Пригляделся к арестанткам. С девкой все понятно. Время и обстоятельства над ней не властны. Сидение в тюрьме ума не прибавило. Вторая, постарше, в сильно потрепанной одежонке, под глазами круги от скудной кормежки. Пытается держаться и выглядеть достойно.
— Я ищу служанку для девочки десяти лет. Баронессе аф Аранко.
Старшая кивнула — понимаю. Девка покосилась, оценивая конкурентку.
— … Раздевайся, — приказал Колин скандалистке.
— Вот еще! — тут же возмутилась та. — Вам служанка или подстилка требуется?
Колин стукнул в дверь, вызывая Филло.
— Эту забирай.
Девка поздно сообразила, сама себя лишила шанса выйти на свободу, не истратив не гроша.
— Дурища. Че упиралась? — читал наставления, но не злобствовал Филло. — Ну, полежала бы под благородием. Туды что ли лучше?
«Туды» — соседняя с его комната.
Неудача с упрямой девицей не обескуражила Колина. С самого начало понятно из нее не служанка, а головная боль. Почти вечная.
— Ты.
Женщина спокойно, без дерганий, скинула сюркотт, стащила котт и без напоминаний и принуждений сняла чулки и панти, оставшись обнаженной. Не прикрывалась, не стеснялась, не краснела.
— Повернись.
Ни увечий, ни уродств, ни сыпи, ни болячек.
— Имя?
— Нумия.
— Руки.
Женщина подняла руки вверх. По коже от холода пошли мурашки, соски вспухли маленькими шариками. Красоты и достопримечательности женского тела Колина мало интересовали. Послушание. Готовность выполнять приказы и команды.
— Семья?
— Была. Дочка, муж. Все как у людей.
— Одевайся. Подходишь.
Женщина по своему поняла, кому на самом деле придется служить. Впрочем и не ошиблась.
«Возражения?»
«Никаких.»
«Даже не любопытно?»
«Я здесь одиннадцать месяцев. У меня никого нет помочь.»
Такой диалог мог вполне состояться. Но к чему он? Слова порой излишни.
— Мор? — уже вслух спросил Колин.
— Тоджи, — безразличен ответ. Переболело. Растворилось в безвременье. — Тяжко одной. Продала дом, в город подалась. Думала устроюсь. Лавку купила. Не получилось.

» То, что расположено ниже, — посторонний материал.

(* Let $G$ be any of the calculi $\mathbf{GE},\mathbf{GM},\mathbf{GMC},\mathbf{GEN},\mathbf{GMN},\mathbf{GK},\mathbf{GCE},\mathbf{GCM},\mathbf{GCMC},\mathbf{GCEN},\mathbf{GCMN},\mathbf{GCK},\mathbf{GCKID},\mathbf{GCKCEM},\mathbf{GCKCEMID}$. If $G$ has the modal uniform Lyndon interpolation property (MULIP), then $G$ has ULIP. Likewise, if $G$ has the modal uniform interpolation property (MUIP), then $G$ has UIP.
   Context: Formulas: atoms, $\bot$, $\wedge,\vee,\to$ and unary $\Box$ (for $\mathbf{GE},\dots,\mathbf{GK}$) or binary $\triangleright$ (for the calculi named $\mathbf{GC}\dots$). Weight: $w(\bot)=w(p)=0$, $w(A\odot B)=w(A)+w(B)+1$ for $\odot\in\{\wedge,\vee,\to,\triangleright\}$, $w(\Box A)=w(A)+1$; the weight of a sequent is the sum of the weights of its formulas; $S$ is lower than $T$ if its weight is smaller. Positive/negative variables: $V^+(p)=\{p\}$, $V^-(p)=\varnothing$; $V^\pm(\bot)=\varnothing$; $V^\pm(\phi\odot\psi)=V^\pm(\phi)\cup V^\pm(\psi)$ for $\odot\in\{\wedge,\vee\}$; $V^+(\phi\to\psi)=V^-(\phi)\cup V^+(\psi)$, $V^-(\phi\to\psi)=V^+(\phi)\cup V^-(\psi)$; $V^\pm(\Box\phi)=V^\pm(\phi)$; $V^+(\phi\triangleright\psi)=V^-(\phi)\cup V^+(\psi)$, $V^-(\phi\triangleright\psi)=V^+(\phi)\cup V^-(\psi)$; $V=V^+\cup V^-$; $p^\circ$-free means $p\notin V^\circ$, $\diamond$ is the sign opposite to $\circ\in\{+,-\}$. For $S=\Gamma\Rightarrow\Delta$: $V^+(S)=\bigcup_{\gamma\in\Gamma}V^-(\gamma)\cup\bigcup_{\delta\in\Delta}V^+(\delta)$, $V^-(S)$ dually; $(\Gamma\Rightarrow\Delta)\cdot(\Pi\Rightarrow\Lambda)=(\Gamma,\Pi\Rightarrow\Delta,\Lambda)$. Calculi: $\mathbf{G3W}$ has axioms $\Gamma,p\Rightarrow p,\Delta$ ($p$ atomic), $\Gamma,\bot\Rightarrow\Delta$, the rules $L\wedge$ (from $\Gamma,\phi,\psi\Rightarrow\Delta$ infer $\Gamma,\phi\wedge\psi\Rightarrow\Delta$), $R\wedge$ (from $\Gamma\Rightarrow\phi,\Delta$, $\Gamma\Rightarrow\psi,\Delta$ infer $\Gamma\Rightarrow\phi\wedge\psi,\Delta$), $L\vee$ (from $\Gamma,\phi\Rightarrow\Delta$, $\Gamma,\psi\Rightarrow\Delta$ infer $\Gamma,\phi\vee\psi\Rightarrow\Delta$), $R\vee$ (from $\Gamma\Rightarrow\phi,\psi,\Delta$ infer $\Gamma\Rightarrow\phi\vee\psi,\Delta$), $L\to$ (from $\Gamma\Rightarrow\phi,\Delta$, $\Gamma,\psi\Rightarrow\Delta$ infer $\Gamma,\phi\to\psi\Rightarrow\Delta$), $R\to$ (from $\Gamma,\phi\Rightarrow\psi,\Delta$ infer $\Gamma\Rightarrow\phi\to\psi,\Delta$), and left/right weakening. "$\alpha\Leftrightarrow\beta$" as a premise abbreviates $\alpha\Rightarrow\beta$ and $\beta\Rightarrow\alpha$. Modal rules: $(E)$ from $\phi\Leftrightarrow\psi$ infer $\Box\phi\Rightarrow\Box\psi$; $(M)$ from $\phi\Rightarrow\psi$ infer $\Box\phi\Rightarrow\Box\psi$; $(MC)$ ($n\ge1$) from $\phi_1,\dots,\phi_n\Rightarrow\psi$ infer $\Box\phi_1,\dots,\Box\phi_n\Rightarrow\Box\psi$; $(N)$ from $\Rightarrow\psi$ infer $\Rightarrow\Box\psi$. Conditional rules: $(CE)$ from $\phi_0\Leftrightarrow\phi_1$, $\psi_0\Leftrightarrow\psi_1$ infer $\phi_1\triangleright\psi_1\Rightarrow\phi_0\triangleright\psi_0$; $(CM)$ from $\phi_0\Leftrightarrow\phi_1$, $\psi_1\Rightarrow\psi_0$ infer the same; $(CMC)$ ($n\ge1$) from $\phi_0\Leftrightarrow\phi_i$ ($1\le i\le n$), $\psi_1,\dots,\psi_n\Rightarrow\psi_0$ infer $\phi_1\triangleright\psi_1,\dots,\phi_n\triangleright\psi_n\Rightarrow\phi_0\triangleright\psi_0$; $(CN)$ from $\Rightarrow\psi_0$ infer $\Rightarrow\phi_0\triangleright\psi_0$; $(CKID)$ (finite possibly empty $I$) from $\phi_0\Leftrightarrow\phi_i$ ($i\in I$), $\phi_0,\{\psi_i\}_{i\in I}\Rightarrow\psi_0$ infer $\{\phi_i\triangleright\psi_i\}_{i\in I}\Rightarrow\phi_0\triangleright\psi_0$; $(CKCEM)$ from $\phi_0\Leftrightarrow\phi_r$ ($r\in I\cup J$), $\{\psi_i\}_{i\in I}\Rightarrow\psi_0,\{\psi_j\}_{j\in J}$ infer $\{\phi_i\triangleright\psi_i\}_{i\in I}\Rightarrow\phi_0\triangleright\psi_0,\{\phi_j\triangleright\psi_j\}_{j\in J}$; $(CKCEMID)$ as $(CKCEM)$ with $\phi_0$ added to the antecedent of the last premise. $\mathbf{GE},\mathbf{GM},\mathbf{GMC}$ = $\mathbf{G3W}+(E),(M),(MC)$; $\mathbf{GEN},\mathbf{GMN},\mathbf{GK}$ = these $+(N)$; $\mathbf{GCE},\mathbf{GCM},\mathbf{GCMC},\mathbf{GCKID},\mathbf{GCKCEM},\mathbf{GCKCEMID}$ = $\mathbf{G3W}+(CE),(CM),(CMC),(CKID),(CKCEM),(CKCEMID)$; $\mathbf{GCEN},\mathbf{GCMN},\mathbf{GCK}$ = $\mathbf{GCE},\mathbf{GCM},\mathbf{GCMC}+(CN)$. The modal/conditional rules of $G$ (set $\mathcal{M}$) are its rules other than the axioms and the rules of $\mathbf{G3W}$. Interpolants: for a set $\mathcal{R}$ of rules of $G$, a uniform $\forall^\circ_p$-interpolant of $S$ w.r.t. $\mathcal{R}$ is a $p^\circ$-free formula $\theta$ with $V^\dagger(\theta)\subseteq V^\dagger(S)$ for both $\dagger$, $G\vdash S\cdot(\theta\Rightarrow)$, and such that for every $\Gamma\Rightarrow\Delta$ with $p\notin V^\diamond(\Gamma\Rightarrow\Delta)$, if $S\cdot(\Gamma\Rightarrow\Delta)$ has a $G$-derivation whose last inference is an instance of a rule in $\mathcal{R}$ then $G\vdash\Gamma\Rightarrow\theta,\Delta$. A uniform $\forall^\circ_p$-interpolant of $S$ (in $G$) is the same with the last condition replaced by: $G\vdash S\cdot(\Gamma\Rightarrow\Delta)$ implies $G\vdash\Gamma\Rightarrow\theta,\Delta$. $G$ has ULIP if every $S,p,\circ$ admits a uniform $\forall^\circ_p$-interpolant. $\mathcal{U}^\circ_p(S)$: every sequent lower than $S$ has a uniform $\forall^\circ_p$-interpolant in $G$. $G$ has MULIP if for every $S,p,\circ$ there is a formula $\theta$ such that, if $\mathcal{U}^\circ_p(S)$ holds, then $\theta$ is a uniform $\forall^\circ_p$-interpolant of $S$ w.r.t. $\mathcal{M}$. UIP and MUIP are defined identically with all polarities dropped ($\theta$ $p$-free, $V(\theta)\subseteq V(S)$, $\Gamma\Rightarrow\Delta$ $p$-free, $\mathcal{U}_p(S)$ accordingly). *)

theory Defs
  imports Main "HOL-Library.Multiset"
begin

Колин исправно заплатил выставленную за арестантку сумму, накинув сверху штивер. Писарь расстарался и оформил бумаги одним чохом. Выкупную, наемную и жалованную.
— Ежели что…, — подобрел клирик, от принятой щедрости. — Завсегда с уважением.
«Канцлер настаивал на двух,» — высматривал унгриец вторую кандидатку. Сам прошелся вдоль решеток и протянутых к нему рук.
— Саин монетку, монетку мне. Хлебца куплю. Хлебца.
— Меня заберите! Все умею!
— Саин все что прикажите. Не пожалеете!
— Дите у меня саин. Помрет здесь без свету!
Та, что заинтересовала, не лезла вперед, жалась в уголку.
«Ну, надо же! Морская жемчужина среди россыпи речных. И таких тут две. Я и она!»
Унгриец сдержал ухмылку. У арестантки шрам над бровью. Тонкий и короткий. Скорее метка, чем шрам.
«Служить не будет. Подмахивать не станет. В воровки не пойдет,» — отметал Колин малые перспективы заключенной обрести долгожданную свободу.
— А это кто?
— Которая?
— Вон та, со шрамом.
— Йоррун. Акробатка. Из цирка. Хозяин разорился, сбежал. Долг на них повесили. Теперь все туточки обретают. Полгода уже, — охотно пояснил Филло. — Дикая.
— И что? Не объездили?
— Давно бы. Только на нее саин Сейсил заглядывается.
Вопрошающий взгляд унгрийца подвигнул к разъяснениям.
— Рикордер. Он с бейлифом накоротке. Вот и не трогаем от греха подальше. А так ужо бы по разочку прокатились.
— Приведи, посмотрю.
С тюремщиками приятно вести дела. Никаких бюрократических волокит или завышенного мздоимства.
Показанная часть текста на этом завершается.